4.Replace the cell culture medium with 4% (w/v) PFA in PBS and incubate for 10 min at room temperature.

5.Remove the PFA solution and wash the cells for 5 min with 100 mM glycine in PBS to quench the fixation.

6.Remove the glycine solution and wash the cells twice for 5 min each with PBS.

7.We recommend moving to the next steps of the protocol immediately.

Immunostaining/immunohistochemistry (optional)

For immunostaining after fixation, follow protocols of your choice; you can essentially perform conventional histology. The protocol described below has demonstrated consistent results with fixed cells prepared by the protocols described earlier.

8.Permeabilize the fixed cells by applying 0.1% (w/v) Triton X-100 in PBS at room temperature for 15 min. To reduce nonspecific antibody binding, apply blocking buffer at room temperature for 15 min.

9.Incubate the cells with primary antibodies in the blocking buffer, at the appropriate concentration. The incubation can be done on a shaker at low speed for a period ranging from 1 hr to overnight, at room temperature or at 4°C, depending on the antibody specifications.

10.Remove the antibody solution and wash four times, each time for 5 min with blocking buffer.

11.Incubate the cells with secondary antibodies in blocking buffer on a shaker at low speed for 2 to 4 hr at room temperature or overnight at 4°C. If using antibodies conjugated with dyes, see Support Protocol 2 for a discussion of dye compatibility with pre-expansion staining proExM.

12.Remove the antibody solution and wash four times, each time for 5 min with blocking buffer.

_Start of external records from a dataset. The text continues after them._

lemma integral_kernel_fourier_exp:
  assumes "L > 0" "H0 L G"
  shows "integral {-L..L} (\<lambda>s. complex_of_real (G s) * fourier_exp L (-j) s)
           = complex_of_real (2*L * Cn L G (nat \<bar>j\<bar>))"
    (is "integral _ ?k = _")
proof -
  note int = integrable_kernel_fourier_exp[OF assms(2), of "-j"]
  have "cos (real_of_int j * pi * s / L) = cos (real (nat \<bar>j\<bar>) * pi * s / L)" for s
  proof (cases "j \<ge> 0")
    case False
    then have "real (nat \<bar>j\<bar>) * pi * s / L = - (real_of_int j * pi * s / L)" by simp
    then show ?thesis by (metis cos_minus)
  qed simp
  then have "Re \<circ> ?k = (\<lambda>s. cos (real (nat \<bar>j\<bar>) * pi * s / L) * G s)"
    by (simp add: fun_eq_iff fourier_exp_cis)
  then have "Re (integral {-L..L} ?k) = integral {-L..L} (\<lambda>s. cos (real (nat \<bar>j\<bar>) * pi * s / L) * G s)"
    using integral_linear[OF int bounded_linear_Re] by simp
  then have re: "Re (integral {-L..L} ?k) = 2*L * Cn L G (nat \<bar>j\<bar>)"
    unfolding Cn_def using assms(1) by simp
  have "Im (integral {-L..L} ?k) = integral {-L..L} (Im \<circ> ?k)"
    using integral_linear[OF int bounded_linear_Im] by simp
  also have "\<dots> = 0"
    \<comment> \<open>the imaginary part is odd since \<open>G\<close> is even\<close>
    using H0D(4)[OF assms(2)]
    by (intro odd_integral_eq_0 integrable_linear[OF int bounded_linear_Im])
       (simp add: fourier_exp_cis)
  finally show ?thesis using re by (simp add: complex_eq_iff)
qed

lemma conv_fourier_exp:
  assumes "L > 0" "H0 L G"
  shows "conv L G (fourier_exp L j) x = complex_of_real (Cn L G (nat \<bar>j\<bar>)) * fourier_exp L j x"
proof -
  define k where "k s = complex_of_real (G s) * fourier_exp L (-j) s" for s
  have int: "k integrable_on {-L..L}"
    unfolding k_def by (rule integrable_kernel_fourier_exp[OF assms(2)])
  have "periodic L k"
    using H0D(2)[OF assms(2)] periodic_fourier_exp[of L "-j"] assms(1)
    unfolding periodic_def k_def by simp
  note reflect = has_integral_periodic_reflect[OF assms(1) this int, of x]
  have "complex_of_real (G (x - y)) * fourier_exp L j y = fourier_exp L j x * k (x - y)" for y
    using fourier_exp_add[of L j x "y - x"] fourier_exp_uminus_index[of L j "x - y"]
    unfolding k_def by simp
  then have "conv L G (fourier_exp L j) x
      = fourier_exp L j x * integral {-L..L} k / complex_of_real (2*L)"
    unfolding conv_def using integral_unique[OF reflect] by simp
  also have "\<dots> = complex_of_real (Cn L G (nat \<bar>j\<bar>)) * fourier_exp L j x"
    using integral_kernel_fourier_exp[OF assms, of j] assms(1)
    unfolding k_def[symmetric] by (simp add: field_simps)
  finally show ?thesis .
qed

section \<open>Fourier coefficients\<close>

definition fourier_coeff :: "real \<Rightarrow> (real \<Rightarrow> complex) \<Rightarrow> int \<Rightarrow> complex" where
  "fourier_coeff L h k = integral {-L..L} (\<lambda>x. h x * fourier_exp L (-k) x)"

lemma has_integral_fourier_exp:
  assumes "L > 0"
  shows "(fourier_exp L m has_integral (if m = 0 then complex_of_real (2*L) else 0)) {-L..L}"
proof (cases "m = 0")
  case True
  then have "fourier_exp L m = (\<lambda>x. 1)" by (simp add: fun_eq_iff)
  then show ?thesis
    using assms True has_integral_const_real[of "1::complex" "-L" L] by (simp add: scaleR_conv_of_real)
next
  case False
  then have freq: "fourier_freq L m \<noteq> 0" using assms unfolding fourier_freq_def by simp
  have "((\<lambda>x. fourier_exp L m x / fourier_freq L m) has_vector_derivative fourier_exp L m x)
          (at x within {-L..L})" for x
    using fourier_exp_has_vector_derivative[of L m x "{-L..L}"] freq
    by (auto intro!: derivative_eq_intros simp: field_simps)
  then have "(fourier_exp L m has_integral
      (fourier_exp L m L / fourier_freq L m - fourier_exp L m (-L) / fourier_freq L m)) {-L..L}"
    using assms by (intro fundamental_theorem_of_calculus) auto
  moreover have "fourier_exp L m L = fourier_exp L m (-L)"
    using assms by (intro periodic_endpoints periodic_fourier_exp) simp
  ultimately show ?thesis using False by (simp add: algebra_simps)
qed

lemma fourier_coeff_fourier_exp:
  assumes "L > 0"
  shows "fourier_coeff L (fourier_exp L j) k = (if j = k then complex_of_real (2*L) else 0)"
  using integral_unique[OF has_integral_fourier_exp[OF assms, of "j - k"]]
  unfolding fourier_coeff_def by (simp add: fourier_exp_mult)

13.We recommend moving to the next steps of the protocol immediately.

Gelation

14.Prepare Acryloyl-X SE (AcX)/DMSO stock solution, monomer solution (Stock X) TEMED stock solution, and ammonium persulfate (APS) stock solution as instructed in Reagents and Solutions.

15.Replace the sample buffer (e.g., the blocking buffer if immunostained following the protocols above) with 0.1 mg/ml Acryloyl-X SE (AcX) in PBS.

16.Leave the cells in the 0.1 mg/ml AcX solution for 2 to 3 hr at room temperature.

17.When cells are cultured on a petri dish, the gelation chamber can be constructed in the meantime, by placing two spacers on a slide, separated from each other by a distance large enough so that the sample cover glass can fit in between (Fig. 2A). Thin and flat objects, such as stacks of coverslips, can serve as the spacers. For example, a stack of two No. 1.5 coverslips has a height of about 0.30 to 0.38 mm; by changing the number or types of the coverslips, the height of the spacers can be adjusted accordingly to match the cell culture substrate (i.e., the sample cover glass) height. The spacer height should be kept close to the cell culture substrate height to avoid leaving excessive gel on top of the sample, but the total thickness of the gel [i.e., (spacer height) – (cell culture substrate height)] should be at least 0.15 mm for easier gel handling in later steps. A droplet of water (e.g., a few µl) can be applied to the spacers to adhere them to the slide (and, if multiple spacers, to each other). If a removable-chamber cover glass is used for the cell culture during steps 2 to 3, the cover glass itself and the gasket can serve as the gelation chamber and the spacer, respectively. In this case, the upper structure of the removable-chamber cover glass can be removed via a removal tool (Sigma, cat. no. GBL 103259). For the gelation chamber lid, a thick and robust coverslip (e.g., a No. 2 coverslip) wrapped in Parafilm can be used, with the Parafilm preventing the gel from sticking to the coverslip when removing the lid in later steps. Make sure the Parafilm surface is flat, clean, and free of folds. We recommend finishing preparation of the gelation chamber and the lid before moving to the next step.

18.After incubating the cells in AcX solution, wash the cells twice, each time for 15 min, with PBS. Begin thawing the components for the gelling solution for proExM—the Stock X, APS, and TEMED stock solutions. Keep the solutions chilled in an ice bath or on a cold block (chilled to 4°C).

19.Create the gelling solution for proExM now by mixing Stock X, water, TEMED stock solution, and APS stock solution in a 47:1:1:1 ratio (gelling solution; also see recipes in Reagents and Solutions), in this order (i.e., APS last) in a microcentrifuge tube, and vortex for a few seconds.

20.Immediately after the previous step, remove the PBS from the cells using a pipet and add a small amount of the mixed gelling solution to the cells on the cell culture substrate. If a removable-chamber cover glass is used, remove the PBS and add the gelling solution to fill in the chamber, then continue to step 22.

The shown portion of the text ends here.